Stored items:
=== Section Start ===

text \<open>Single-qubit Paulis, labelled P^{00}=I, P^{01}=X, P^{10}=Z, P^{11}=Y.\<close>
definition pauli1 :: "bool \<Rightarrow> bool \<Rightarrow> complex mat" where
  "pauli1 a b =
     (if \<not> a \<and> \<not> b then mat_of_rows_list 2 [[1, 0], [0, 1]]
      else if \<not> a \<and> b then mat_of_rows_list 2 [[0, 1], [1, 0]]
      else if a \<and> \<not> b then mat_of_rows_list 2 [[1, 0], [0, -1]]
      else mat_of_rows_list 2 [[0, -\<i>], [\<i>, 0]])"

text \<open>Bit of computational-basis index r belonging to qubit j (0-indexed, j < n);
  qubit 0 is the leftmost tensor factor, i.e. the most significant bit.\<close>
definition qbit :: "nat \<Rightarrow> nat \<Rightarrow> nat \<Rightarrow> nat" where
  "qbit n r j = (r div 2 ^ (n - 1 - j)) mod 2"

text \<open>P^{a,b} = P^{a_1 b_1} (x) ... (x) P^{a_n b_n}, written out entrywise
  (Kronecker product).  Vectors in {0,1}^n are functions nat => bool on indices < n.\<close>
definition pauli :: "nat \<Rightarrow> (nat \<Rightarrow> bool) \<Rightarrow> (nat \<Rightarrow> bool) \<Rightarrow> complex mat" where
  "pauli n a b = mat (2 ^ n) (2 ^ n)
     (\<lambda>(r, s). \<Prod>j<n. pauli1 (a j) (b j) $$ (qbit n r j, qbit n s j))"

definition pauli_group :: "nat \<Rightarrow> complex mat set" where
  "pauli_group n = {\<i> ^ k \<cdot>\<^sub>m pauli n a b | k a b. True}"

definition dagger :: "complex mat \<Rightarrow> complex mat" where
  "dagger A = mat (dim_col A) (dim_row A) (\<lambda>(i, j). cnj (A $$ (j, i)))"

definition conj_mat :: "complex mat \<Rightarrow> complex mat" where
  "conj_mat A = map_mat cnj A"

definition unitary_mat :: "nat \<Rightarrow> complex mat \<Rightarrow> bool" where
  "unitary_mat N U \<longleftrightarrow> U \<in> carrier_mat N N \<and> U * dagger U = 1\<^sub>m N"

definition clifford :: "nat \<Rightarrow> complex mat \<Rightarrow> bool" where
  "clifford n U \<longleftrightarrow> unitary_mat (2 ^ n) U \<and>
     (\<forall>P \<in> pauli_group n. U * P * dagger U \<in> pauli_group n)"

definition Zq :: "nat \<Rightarrow> nat \<Rightarrow> complex mat" where
  "Zq n i = pauli n (\<lambda>j. j = i) (\<lambda>_. False)"

definition Xq :: "nat \<Rightarrow> nat \<Rightarrow> complex mat" where
  "Xq n i = pauli n (\<lambda>_. False) (\<lambda>j. j = i)"

definition sgn_bit :: "bool \<Rightarrow> complex" where
  "sgn_bit f = (if f then -1 else 1)"

definition dot2 :: "nat \<Rightarrow> (nat \<Rightarrow> bool) \<Rightarrow> (nat \<Rightarrow> bool) \<Rightarrow> bool" where
  "dot2 n u v = odd (card {j. j < n \<and> u j \<and> v j})"

end

theory Submission
  imports Defs "Jordan_Normal_Form.Determinant"
begin

text \<open>
  Put \<open>D = C\<^sup>*\<close> and \<open>M = C\<^sup>\<dagger> D\<close>. As \<open>Z\<^sub>i\<close> and \<open>X\<^sub>i\<close> are real, \<open>D Z\<^sub>i D\<^sup>\<dagger>\<close> and
  \<open>D X\<^sub>i D\<^sup>\<dagger>\<close> are the complex conjugates of \<open>C Z\<^sub>i C\<^sup>\<dagger>\<close> and \<open>C X\<^sub>i C\<^sup>\<dagger>\<close>, and
  conjugation multiplies \<open>P\<^bsup>a,b\<^esup>\<close> by \<open>(-1)\<^bsup>a\<cdot>b\<^esup>\<close>, one sign for each factor \<open>Y\<close>.
  Hence \<open>M\<close> commutes with \<open>Z\<^sub>i\<close> up to the sign \<open>(-1)\<^bsup>\<beta>\<^sub>i\<^esup>\<close> and with \<open>X\<^sub>i\<close> up to
  \<open>(-1)\<^bsup>\<alpha>\<^sub>i\<^esup>\<close>. The Pauli operator \<open>P\<^bsup>\<alpha>,\<beta>\<^esup>\<close> obeys the same twisted commutation
  relations and squares to the identity, so \<open>M P\<^bsup>\<alpha>,\<beta>\<^esup>\<close> commutes with all \<open>Z\<^sub>i\<close> and \<open>X\<^sub>i\<close>
  and is a scalar \<open>l\<close>. Unitarity of \<open>M\<close> gives \<open>|l| = 1\<close>, and \<open>C\<^sup>* = C M = l C P\<^bsup>\<alpha>,\<beta>\<^esup>\<close>.
\<close>

section \<open>Signs, adjoints and complex conjugates of matrices\<close>

lemma sgn_bit_mult_self [simp]: "sgn_bit p * sgn_bit p = 1"
  by (simp add: sgn_bit_def)

lemma prod_of_bool_eq:
  "finite A \<Longrightarrow> (\<Prod>x\<in>A. of_bool (P x) :: 'a :: comm_semiring_1) = of_bool (\<forall>x\<in>A. P x)"
  by (induction A rule: finite_induct) auto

=== Section End ===

Without changing anything, quote the lines from the top of the data to the line that contains "else if a \<and>", including that line.

text \<open>Single-qubit Paulis, labelled P^{00}=I, P^{01}=X, P^{10}=Z, P^{11}=Y.\<close>
definition pauli1 :: "bool \<Rightarrow> bool \<Rightarrow> complex mat" where
  "pauli1 a b =
     (if \<not> a \<and> \<not> b then mat_of_rows_list 2 [[1, 0], [0, 1]]
      else if \<not> a \<and> b then mat_of_rows_list 2 [[0, 1], [1, 0]]
      else if a \<and> \<not> b then mat_of_rows_list 2 [[1, 0], [0, -1]]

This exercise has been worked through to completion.